Floquet-Bloch analysis of refracting Huygens’ metasurfaces

Huygens’ metasurfaces (HMS) are designed via the equivalence principle to implement a given field transformation. In other words, for a given incident, reflected, and transmitted fields, the suitable electric and magnetic surface impedance to support the field discontinuity are derived and realized to achieve the desirable functionality. Although the metasurface is designed for a certain source field in mind, it was found experimentally that it continues to function well even when the excitation deviates from the designated one.

We have set out to investigate this observation in a rigorous manner, for the most basic beam-forming Huygens’ metasurfaces, namely, the ones which implement engineered refraction. Such metasurfaces refract a plane wave incident at a given input angle θin towards a desirable output angle θout, and are characterized with a periodic electric surface impedance and magnetic surface admittance which follow a cotangent modulation.

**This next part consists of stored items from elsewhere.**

(* The rows k of the pole coefficient with m k < j vanish, and so do the entries of
  UR_inv z0 * Y z0 with m k < j \<le> m b; the nonsingular leading block then yields C. *)
lemma pole_coefficient_exists:
  assumes Y: "hol_mat (ball z0 e) n (kernel_dim (T z0)) Y" and H: "hol_mat (ball z0 e) n (kernel_dim (T z0)) H"
    and V: "hol_mat (ball z0 e) (kernel_dim (T z0)) n V" and G: "hol_mat (ball z0 e) n n G"
    and indep: "\<forall>c\<in>carrier_vec (kernel_dim (T z0)). Y z0 *\<^sub>v c = 0\<^sub>v n \<longrightarrow> c = 0\<^sub>v (kernel_dim (T z0))"
    and TY: "\<And>z. z \<in> ball z0 e \<Longrightarrow> T z * Y z = H z * mat_diag (kernel_dim (T z0)) (\<lambda>i. (z - z0) ^ m i)"
    and GF: "\<And>z. z \<in> ball z0 e - {z0} \<Longrightarrow>
      (z - z0) ^ j \<cdot>\<^sub>m resid_fun T z0 (kernel_dim (T z0)) m Y V z = G z"
    and j: "1 \<le> j"
  obtains C where "C \<in> carrier_mat (kernel_dim (T z0)) n" "Y z0 * C = G z0"
    "\<And>i l. i < kernel_dim (T z0) \<Longrightarrow> m i < j \<Longrightarrow> l < n \<Longrightarrow> C $$ (i,l) = 0"
proof -
  define r where "r = kernel_dim (T z0)"
  obtain q where qr: "q \<le> r" and jq: "\<And>k. k < n \<Longrightarrow> j \<le> m k \<longleftrightarrow> k < q"
    using large_exponents_prefix[OF j] unfolding r_def by blast
  note Y0 = hol_matD(1)[OF Y, of z0, folded r_def] and G0 = hol_matD(1)[OF G, of z0]
  have X0: "UR_inv z0 * Y z0 \<in> carrier_mat n r" by (rule mult_carrier_mat[OF UR_inv_carrier Y0])
  have indepX: "\<forall>c\<in>carrier_vec r. UR_inv z0 * Y z0 *\<^sub>v c = 0\<^sub>v n \<longrightarrow> c = 0\<^sub>v r"
    using cols_independent_if_mult_cols_independent[OF UR_carrier[of z0] X0] indep
    unfolding UR_UR_inv_mult[OF Y0] r_def by blast
  have ZX: "(UR_inv z0 * Y z0) $$ (k,b) = 0" if "k < n" "b < q" "q \<le> k" for k b
    using UR_inv_mult_zero_entry[OF e_pos order_refl Y H TY, of k b] that qr jq[of k] jq[of b]
    by (simp add: r_def)
  have ZA: "(UR_inv z0 * G z0) $$ (k,l) = 0" if "k < n" "q \<le> k" "l < n" for k l
    using UR_inv_pole_coefficient_zero_entry[OF Y H V G TY GF, of k l] that jq[of k] by simp
  obtain C where C: "C \<in> carrier_mat r n" "UR_inv z0 * Y z0 * C = UR_inv z0 * G z0"
    and C0: "\<And>i l. q \<le> i \<Longrightarrow> i < r \<Longrightarrow> l < n \<Longrightarrow> C $$ (i,l) = 0"
    using solve_leading_block[OF X0 qr indepX ZX mult_carrier_mat[OF UR_inv_carrier G0] ZA] by blast
  show ?thesis
  proof (rule that[folded r_def])
    show "C \<in> carrier_mat r n" by fact
    have "Y z0 * C = UR z0 * (UR_inv z0 * Y z0 * C)"
      using assoc_mult_mat[OF UR_inv_carrier Y0 C(1)] UR_UR_inv_mult[OF mult_carrier_mat[OF Y0 C(1)]] by simp
    then show "Y z0 * C = G z0" unfolding C(2) UR_UR_inv_mult[OF G0] .
    fix i l assume "i < r" "m i < j" "l < n"
    then show "C $$ (i,l) = 0" using C0 jq[of i] positive_exponents_kernel_dim(1) by (simp add: r_def)
  qed
qed

lemma pole_order_reduction:
  assumes sub: "ball z0 e \<subseteq> \<Omega>" and Y: "hol_mat \<Omega> n (kernel_dim (T z0)) Y"
    and indep: "\<forall>c\<in>carrier_vec (kernel_dim (T z0)). Y z0 *\<^sub>v c = 0\<^sub>v n \<longrightarrow> c = 0\<^sub>v (kernel_dim (T z0))"
    and H: "hol_mat (ball z0 e) n (kernel_dim (T z0)) H"
    and TY: "\<And>z. z \<in> ball z0 e \<Longrightarrow> T z * Y z = H z * mat_diag (kernel_dim (T z0)) (\<lambda>i. (z - z0) ^ m i)"
    and V: "hol_mat \<Omega> (kernel_dim (T z0)) n V" and G: "hol_mat (ball z0 e) n n G"
    and GF: "\<And>z. z \<in> ball z0 e - {z0} \<Longrightarrow>
      (z - z0) ^ j \<cdot>\<^sub>m resid_fun T z0 (kernel_dim (T z0)) m Y V z = G z"
    and j: "1 \<le> j"
  shows "\<exists>Vt. hol_mat \<Omega> (kernel_dim (T z0)) n Vt \<and>
    pole_order_le n z0 (resid_fun T z0 (kernel_dim (T z0)) m Y Vt) (j - 1)"
proof -
  define r where "r = kernel_dim (T z0)"
  obtain C where C: "C \<in> carrier_mat r n" "Y z0 * C = G z0"
    and C0: "\<And>i l. i < r \<Longrightarrow> m i < j \<Longrightarrow> l < n \<Longrightarrow> C $$ (i,l) = 0"
    using pole_coefficient_exists[OF hol_mat_subset[OF Y sub] H hol_mat_subset[OF V sub] G indep TY GF j]
    unfolding r_def by blast
  (* m i - j truncates at 0; this is harmless since the rows of C with m i < j vanish. *)
  define Vt where "Vt z = V z + mat r n (\<lambda>(i,l). (z - z0) ^ (m i - j) * C $$ (i,l))" for z
  have "hol_mat \<Omega> r n Vt"
    unfolding Vt_def r_def by (intro hol_mat_add V hol_mat_mat holomorphic_intros)
  moreover have "pole_order_le n z0 (resid_fun T z0 r m Y Vt) (j - 1)"
  proof (rule pole_order_le_cong[OF _ e_pos])
    show "pole_order_le n z0 (\<lambda>z. resid_fun T z0 r m Y V z - (1 / (z - z0) ^ j) \<cdot>\<^sub>m (Y z * C)) (j - 1)"
      using G hol_mat_mult[OF hol_mat_subset[OF Y sub] hol_mat_const[OF C(1)[unfolded r_def]]] C(2) GF
      by (intro pole_order_le_subtract_principal_part[OF e_pos j,
            where F = "resid_fun T z0 r m Y V" and G = G]) (auto simp: r_def)
    show "resid_fun T z0 r m Y Vt z = resid_fun T z0 r m Y V z - (1 / (z - z0) ^ j) \<cdot>\<^sub>m (Y z * C)"
      if "z \<in> ball z0 e - {z0}" for z
      unfolding Vt_def using resid_fun_shift[OF C(1) _ C0 hol_matD(1)[OF Y[folded r_def]]
        hol_matD(1)[OF V[folded r_def]]] that
      by simp
  qed
  ultimately show ?thesis unfolding r_def by blast
qed

end

theorem mainTheorem17:
  fixes \<Omega> :: "complex set" and z0 :: complex and n j :: nat and m :: "nat \<Rightarrow> nat"
    and T Y V :: "complex \<Rightarrow> complex mat"
  assumes "open \<Omega>" and "z0 \<in> \<Omega>"
    and "hol_mat \<Omega> n n T"
    and "\<exists>z\<in>\<Omega>. det (T z) \<noteq> 0"
    and "det (T z0) = 0"
    and "partial_multiplicities T z0 n m"
    and "right_canonical \<Omega> T z0 n m Y"
    and "hol_mat \<Omega> (kernel_dim (T z0)) n V"
    and "j \<ge> 1"
    and "pole_order_eq n z0 (resid_fun T z0 (kernel_dim (T z0)) m Y V) j"
  shows "\<exists>Vt. hol_mat \<Omega> (kernel_dim (T z0)) n Vt \<and>
           pole_order_le n z0 (resid_fun T z0 (kernel_dim (T z0)) m Y Vt) (j - 1)"
proof -
  note RC = right_canonicalD[OF assms(7)]
  obtain e UL UR where LS: "local_smith_form z0 e n m T UL UR" and sub: "ball z0 e \<subseteq> \<Omega>"
    using partial_multiplicities_local_smith_form[OF assms(1-3,6)] .
  obtain d H where d: "0 < d" "d \<le> e" and H: "hol_mat (ball z0 d) n (kernel_dim (T z0)) H"
    and TY: "\<And>z. z \<in> ball z0 d \<Longrightarrow> T z * Y z = H z * mat_diag (kernel_dim (T z0)) (\<lambda>i. (z - z0) ^ m i)"
    using local_smith_form.right_canonical_factorization[OF LS assms(7) sub] by metis
  obtain e2 G where e2: "0 < e2" and G: "hol_mat (ball z0 e2) n n G"
    and GF: "\<And>z. z \<in> ball z0 e2 - {z0} \<Longrightarrow>
      (z - z0) ^ j \<cdot>\<^sub>m resid_fun T z0 (kernel_dim (T z0)) m Y V z = G z"
    using assms(10) unfolding pole_order_eq_def pole_order_le_def by blast
  define d' where "d' = min d e2"
  have d': "0 < d'" "d' \<le> e" and sub': "ball z0 d' \<subseteq> ball z0 d" "ball z0 d' \<subseteq> ball z0 e2"
    using d e2 by (auto simp: d'_def)
  have LS': "local_smith_form z0 d' n m T UL UR" by (rule local_smith_form_shrink[OF LS d'])
  show ?thesis
    using sub' order_trans[OF subset_ball[OF d'(2)] sub] TY GF
    by (intro local_smith_form.pole_order_reduction[OF LS' _ RC(1,3) hol_mat_subset[OF H sub'(1)] _
          assms(8) hol_mat_subset[OF G sub'(2)] _ assms(9)]) auto
qed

By conducting a rigorous Floquet-Bloch analysis of this structure, we have derived closed-form analytical expressions for the reflected and transmitted fields for arbitrary plane-wave excitation (not necessarily the designated one). These expressions revealed that the scattering off a refracting HMS can be associated with an intriguing ray-optical model, in the frame of which the metasurface can be replaced by a virtual (zero-thickness) region in which waves can only propagate at a single angle θout. Incident plane wave incouple to this virtual Fabry-Perot etalon following Fresnel formulas for reflection and transmission, and successively outcouple to higher-order Floquet-Bloch modes.

These observations have two important implications. First, they show that for the designated excitation, only two Floquet-Bloch modes are populated, corresponding to specular reflection and the desirable refraction, while all other modes completely vanish. Second, as the first outcoupling attempt is towards the desirable refraction mode, refraction is dominant over scattering to other directions even for large deviations from the designated angle of incidence (in consistency with previously obtained experimental evidence).

The closed-form expressions also enable the derivation of simple approximated formulas for the refraction efficiency as a function of the angle of incidence and its optimization, as well as incorporation of realistic implementation considerations into the theory. In addition, they allow formulation of ray-optical approach for synthesis and analysis of Huygens’ metasurfaces that can react to multiple excitations, leading to multifunctional devices such as switched-beam lens antennas.